NEW YORK — Media research agency Nielsen has admitted that it has skewed TV viewing figures for the past seven months, reportedly inflating ABC's ratings and disadvantaging other networks.
Speaking on a conference call with reporters on Friday, Nielsen disclosed that a software glitch had meant it has misreported TV viewing figures since at least March. While the firm would not name clients affected, ABC has said that the error had boosted its ratings, according to the New York Times.
Neilsen claimed the discrepancy fell between 0.1 percent and 0.25 percent of the viewing totals. Cable networks and local TV ratings were not affected by this error.
The disclosure is blow for Nielsen. Not only is it unclear the impact on the billions of advertising dollars spent using its ratings — which the Times puts at $70 billion — but the error comes at a time when Nielsen's reporting method faces scrutiny from advertisers in light of the distruption from online video, multiple-screening and non-linear TV viewing habits.
Just last week, rival service Rentrak announced a multi-faceted deal with WPP that inlcudes a data partnership with global network's media buying powerhouse GroupM. Rentrak also revealed plans to acquire WWP's measurement firm Kantar, giving WPP a 16.7 percent stake in the business.

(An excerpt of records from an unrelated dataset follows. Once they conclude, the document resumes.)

text \<open>m x n matrices as functions nat => nat => real (entries outside range are 0).\<close>
definition transport_polytope ::
  "nat \<Rightarrow> nat \<Rightarrow> (nat \<Rightarrow> real) \<Rightarrow> (nat \<Rightarrow> real) \<Rightarrow> (nat \<Rightarrow> nat \<Rightarrow> real) set" where
  "transport_polytope m n p q = {P.
     (\<forall>i<m. \<forall>j<n. 0 \<le> P i j) \<and>
     (\<forall>i<m. (\<Sum>j<n. P i j) = p i) \<and>
     (\<forall>j<n. (\<Sum>i<m. P i j) = q j) \<and>
     (\<forall>i j. \<not> (i < m \<and> j < n) \<longrightarrow> P i j = 0)}"

definition mat_vec :: "nat \<Rightarrow> nat \<Rightarrow> (nat \<Rightarrow> nat \<Rightarrow> real) \<Rightarrow> real list" where
  "mat_vec m n P = concat (map (\<lambda>i. map (\<lambda>j. P i j) [0..<n]) [0..<m])"

definition phi_h_entropy :: "(real \<Rightarrow> real) \<Rightarrow> (real \<Rightarrow> real) \<Rightarrow> real list \<Rightarrow> real" where
  "phi_h_entropy \<Phi> h x = \<Phi> (sum_list (map h x))"

end

theory Submission
  imports Defs
begin

text \<open>
  Let x \<preceq> y with decreasing rearrangements a and b. Unless a = b, let k be the first index
  with b_k < a_k and j the last index before k with a_j < b_j. Moving
  d = min (b_j - a_j) (a_k - b_k) from b_j to b_k keeps b sorted and still
  majorizing a, and makes one more coordinate agree with a; so finitely many such transfers
  lead from b to a. With c = b_j + b_k \<le> 1, a transfer replaces
  h_c(b_k) = h(b_k) + h(c - b_k) by h_c(b_k + d), where b_k < b_k + d \<le> c/2. Since
  \<Phi> \<circ> h_c is strictly increasing on [0, c/2] and \<Phi> is strictly monotone,
  \<Phi>(S + h_c(t)) is strictly increasing in t for every S, so each transfer strictly
  increases the entropy.
\<close>

definition mass_transfer :: "(nat \<Rightarrow> real) \<Rightarrow> nat \<Rightarrow> nat \<Rightarrow> real \<Rightarrow> nat \<Rightarrow> real" where
  "mass_transfer b j k d = b(j := b j - d, k := b k + d)"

Despite the bad news, Nielsen’s global president Steve Hasker didn't hold back from bashing its rival, according to the New York Post. During the call, Hasker reportedly said that Rentrak never lets "the facts get in the way of a good press release."
Hasker reportedly added that Rentrak data is "not accredited" and the firm is not transparent about its methodology.
No doubt this snafu will add to the pressure Nielsen is under to prove an accurate and timely methodology for TV measurement at a time when the industry faces constant disruption.